### Task item:
Isolate every line in the records below with "rule" in it.

### Data:
lemma bary_coords_unique:
  assumes "\<not> affine_dependent V" and "bary_coords V x c" and "bary_coords V x c'" and "v \<in> V"
  shows "c v = c' v"
proof (rule ccontr)
  assume "c v \<noteq> c' v"
  moreover have "finite V"
    using assms(1) by (rule aff_independent_finite)
  moreover have "sum (\<lambda>u. c u - c' u) V = 0" and "(\<Sum>u\<in>V. (c u - c' u) *\<^sub>R u) = 0"
    using assms(2,3) unfolding bary_coords_def
    by (simp_all add: sum_subtractf scaleR_diff_left)
  ultimately have "affine_dependent V"
    using assms(4) unfolding affine_dependent_explicit_finite[OF \<open>finite V\<close>]
    by (intro exI[of _ "\<lambda>u. c u - c' u"]) auto
  with assms(1) show False
    by contradiction
qed

lemma bary_coords_zero_extend:
  assumes "finite V" and "W \<subseteq> V" and "bary_coords W x c"
  shows "bary_coords V x (\<lambda>v. if v \<in> W then c v else 0)"
    and "(\<Sum>v\<in>V. (if v \<in> W then c v else 0) * f v) = (\<Sum>v\<in>W. c v * f v)"
proof -
  have restrict: "(\<Sum>v\<in>V. if v \<in> W then g v else 0) = sum g W" for g :: "_ \<Rightarrow> 'b::comm_monoid_add"
    using sum.inter_restrict[OF assms(1), of g W] assms(2) by (simp add: Int_absorb1)
  have "(if v \<in> W then c v else 0) *\<^sub>R v = (if v \<in> W then c v *\<^sub>R v else 0)" for v
    by simp
  then show "bary_coords V x (\<lambda>v. if v \<in> W then c v else 0)"
    using assms(3) restrict[of c] restrict[of "\<lambda>v. c v *\<^sub>R v"]
    unfolding bary_coords_def by simp
  have "(if v \<in> W then c v else 0) * f v = (if v \<in> W then c v * f v else 0)" for v
    by simp
  then show "(\<Sum>v\<in>V. (if v \<in> W then c v else 0) * f v) = (\<Sum>v\<in>W. c v * f v)"
    using restrict[of "\<lambda>v. c v * f v"] by simp
qed

text \<open>Conformity of the mesh makes the P1 interpolant well defined: two simplices containing
  \<open>x\<close> meet in the hull of their common vertices, and barycentric coordinates there extend by
  zero to both simplices.\<close>

lemma mesh_bary_combinations_agree:
  assumes "is_mesh Th" and "T1 \<in> Th" and "T2 \<in> Th" and "x \<in> T1" and "x \<in> T2"
    and c1: "bary_coords (vertices T1) x c1" and c2: "bary_coords (vertices T2) x c2"
  shows "(\<Sum>v\<in>vertices T1. c1 v * f v) = (\<Sum>v\<in>vertices T2. c2 v * f v)"
proof -
  let ?V = "vertices T1 \<inter> vertices T2"
  have "finite ?V"
    using mesh_simplex_vertices(2)[OF assms(1,2)] by simp
  moreover have "x \<in> convex hull ?V"
    using assms(1-5) unfolding is_mesh_def by blast
  ultimately obtain c where c: "bary_coords ?V x c"
    by (rule bary_coords_exists)
  define c0 where "c0 v = (if v \<in> ?V then c v else 0)" for v
  have "(\<Sum>v\<in>vertices Ti. ci v * f v) = (\<Sum>v\<in>?V. c v * f v)"
    if "Ti \<in> Th" "?V \<subseteq> vertices Ti" "bary_coords (vertices Ti) x ci" for Ti ci
  proof -
    have "finite (vertices Ti)"
      using mesh_simplex_vertices(2)[OF assms(1) that(1)] .
    note ext = bary_coords_zero_extend[OF this that(2) c]
    have "(\<Sum>v\<in>vertices Ti. ci v * f v) = (\<Sum>v\<in>vertices Ti. c0 v * f v)"
      using bary_coords_unique[OF mesh_simplex_vertices(1)[OF assms(1) that(1)] that(3) ext(1)]
      by (simp add: c0_def)
    then show ?thesis
      using ext(2) by (simp add: c0_def)
  qed
  from this[OF assms(2) _ c1] this[OF assms(3) _ c2] show ?thesis
    by simp
qed

lemma lagrange_interp_eq:
  assumes "is_mesh Th" and "T \<in> Th" and "x \<in> T" and "bary_coords (vertices T) x c"
  shows "lagrange_interp Th f x = (\<Sum>v\<in>vertices T. c v * f v)"
  unfolding lagrange_interp_def
proof (rule the_equality)
  show "\<exists>T'\<in>Th. x \<in> T' \<and> (\<exists>c'. bary_coords (vertices T') x c'
      \<and> (\<Sum>v\<in>vertices T. c v * f v) = (\<Sum>v\<in>vertices T'. c' v * f v))"
    using assms(2-4) by blast
  fix y
  assume "\<exists>T'\<in>Th. x \<in> T' \<and> (\<exists>c'. bary_coords (vertices T') x c'
      \<and> y = (\<Sum>v\<in>vertices T'. c' v * f v))"
  then obtain T' c' where T': "T' \<in> Th" "x \<in> T'" "bary_coords (vertices T') x c'"
    and y: "y = (\<Sum>v\<in>vertices T'. c' v * f v)"
    by blast
  show "y = (\<Sum>v\<in>vertices T. c v * f v)"
    unfolding y using T' by (rule mesh_bary_combinations_agree[OF assms(1) _ assms(2) _ assms(3) _ assms(4)])
qed

lemma ball_infdist_frontier_subset:
  fixes \<Omega> :: "'a::euclidean_space set"
  assumes "open \<Omega>" and "x \<in> \<Omega>"
  shows "ball x (infdist x (frontier \<Omega>)) \<subseteq> \<Omega>"
proof
  fix y
  assume y: "y \<in> ball x (infdist x (frontier \<Omega>))"
  show "y \<in> \<Omega>"
  proof (rule ccontr)
    assume "y \<notin> \<Omega>"
    then obtain p where p: "p \<in> closed_segment x y" "p \<in> frontier \<Omega>"
      using connected_Int_frontier[of "closed_segment x y" \<Omega>] assms(2) by blast
    have "infdist x (frontier \<Omega>) \<le> dist x p"
      using p(2) by (rule infdist_le)
    also have "\<dots> \<le> dist x y"
      using dist_in_closed_segment[OF p(1)] by (simp add: dist_commute)
    finally show False
      using y by simp
  qed
qed

lemma cball_subset_mesh:
  assumes "open \<Omega>" and "inner_set \<Omega> (mesh_size Th) \<subseteq> mesh_domain Th"
    and "mesh_size Th \<le> \<epsilon>" and "z \<in> inner_set \<Omega> (2 * \<epsilon>)"
  shows "cball z \<epsilon> \<subseteq> \<Union>Th"
proof
  fix y
  assume y: "y \<in> cball z \<epsilon>"
  have z: "z \<in> \<Omega>" "infdist z (frontier \<Omega>) > 2 * \<epsilon>"
    using assms(4) unfolding inner_set_def by auto
  have "infdist z (frontier \<Omega>) \<le> infdist y (frontier \<Omega>) + dist z y"
    by (rule infdist_triangle)
  then have "infdist y (frontier \<Omega>) > mesh_size Th"
    using y z(2) assms(3) by simp
  moreover have "dist z y < infdist z (frontier \<Omega>)"
    using y z(2) zero_le_dist[of z y] unfolding mem_cball by linarith
  then have "y \<in> \<Omega>"
    using ball_infdist_frontier_subset[OF assms(1) z(1)] by auto
  ultimately have "y \<in> mesh_domain Th"
    using assms(2) unfolding inner_set_def by blast
  then show "y \<in> \<Union>Th"
    unfolding mesh_domain_def using interior_subset by blast
qed

lemma stencil_subset_cball:
  assumes "0 \<le> \<epsilon>" and "S \<subseteq> sphere 0 1"
  shows "stencil \<epsilon> S z \<subseteq> cball z \<epsilon>"
  using assms unfolding stencil_def by (auto simp: dist_norm)

lemma Max_image_le_Max_plus:
  fixes f g :: "'a \<Rightarrow> 'b::linordered_ab_group_add"
  assumes "finite N" and "N \<noteq> {}" and "\<And>y. y \<in> N \<Longrightarrow> f y \<le> g y + \<delta>"
  shows "Max (f ` N) \<le> Max (g ` N) + \<delta>"
  using assms by (subst Max_le_iff) (auto intro: order.trans[OF _ add_right_mono[OF Max_ge]])

lemma Min_image_le_Min_plus:
  fixes f g :: "'a \<Rightarrow> 'b::linordered_ab_group_add"
  assumes "finite N" and "N \<noteq> {}" and "\<And>y. y \<in> N \<Longrightarrow> f y \<le> g y + \<delta>"
  shows "Min (f ` N) \<le> Min (g ` N) + \<delta>"
proof -
  have "Min (g ` N) \<in> g ` N"
    using assms(1,2) by simp
  then obtain y where "y \<in> N" and "Min (g ` N) = g y"
    by blast
  moreover have "Min (f ` N) \<le> f y"
    using \<open>y \<in> N\<close> assms(1) by simp
  ultimately show ?thesis
    using assms(3) by fastforce
qed

locale quadratic_function =
  fixes A :: "'a::euclidean_space \<Rightarrow> 'a" and b :: 'a and c :: real and \<phi> :: "'a \<Rightarrow> real"
  assumes self_adjoint: "self_adjoint A"
    and \<phi>_eq: "\<phi> x = c + b \<bullet> x + (1/2) * (x \<bullet> A x)"
begin

lemma linear: "linear A"
  using self_adjoint by (rule self_adjoint_imp_linear)

lemma onorm_nonneg: "0 \<le> onorm A"
  using linear by (simp add: onorm_pos_le linear_conv_bounded_linear)

lemma taylor: "\<phi> (x + y) = \<phi> x + (b + A x) \<bullet> y + (1/2) * (y \<bullet> A y)"
  using self_adjoint_quadratic_form_add[OF self_adjoint, of x y]
  by (simp add: \<phi>_eq inner_add_left inner_add_right algebra_simps)

lemma taylor_ray: "\<phi> (x + s *\<^sub>R t) = \<phi> x + s * ((b + A x) \<bullet> t) + (1/2) * s\<^sup>2 * (t \<bullet> A t)"
  using taylor[of x "s *\<^sub>R t"] linear_quadratic_form_scale[OF linear] by simp

lemma continuous_on: "continuous_on S \<phi>"
proof -
  have "continuous_on S (\<lambda>x. c + b \<bullet> x + (1/2) * (x \<bullet> A x))"
    using linear by (intro continuous_intros linear_continuous_on) (simp add: linear_conv_bounded_linear)
  then show ?thesis
    using \<phi>_eq by simp
qed

text \<open>Along a line through a local maximiser the linear term of \<open>\<phi>\<close> vanishes, so \<open>\<phi>\<close> is
  constant on the line once it takes the maximal value at a second point.\<close>

lemma constant_on_line_if_local_max:
  assumes "r > 0" and max: "\<And>y. y \<in> ball x0 r \<Longrightarrow> \<phi> y \<le> \<phi> x0"
    and "y \<in> ball x0 r" and "\<phi> y = \<phi> x0"
  shows "\<phi> (x0 + s *\<^sub>R (y - x0)) = \<phi> x0"
proof -
  define t where "t = y - x0"
  have "((b + A x0) \<bullet> t) * s + ((1/2) * (t \<bullet> A t)) * s\<^sup>2 \<le> 0" if "\<bar>s\<bar> \<le> 1" for s
  proof -
    have "norm (s *\<^sub>R t) \<le> norm t"
      using that by (simp add: mult_left_le_one_le)
    then have "x0 + s *\<^sub>R t \<in> ball x0 r"
      using \<open>y \<in> ball x0 r\<close> by (simp add: t_def dist_norm norm_minus_commute)
    then have "\<phi> (x0 + s *\<^sub>R t) \<le> \<phi> x0"
      by (rule max)
    then show ?thesis
      using taylor_ray[of x0 s t] by (simp add: algebra_simps)
  qed
  then have "(b + A x0) \<bullet> t = 0"
    by (intro linear_coeff_zero_if_nonpos_near_zero[where d = 1 and q = "(1/2) * (t \<bullet> A t)"]) auto
  moreover have "t \<bullet> A t = 0"
    using taylor[of x0 t] \<open>\<phi> y = \<phi> x0\<close> calculation by (simp add: t_def)
  ultimately show ?thesis
    using taylor_ray[of x0 s t] by (simp add: t_def)
qed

### Worked solution:
proof (rule ccontr)
    using assms(1) by (rule aff_independent_finite)
    by (rule bary_coords_exists)
proof (rule the_equality)
    unfolding y using T' by (rule mesh_bary_combinations_agree[OF assms(1) _ assms(2) _ assms(3) _ assms(4)])
  proof (rule ccontr)
      using p(2) by (rule infdist_le)
    by (rule infdist_triangle)
  using self_adjoint by (rule self_adjoint_imp_linear)
      by (rule max)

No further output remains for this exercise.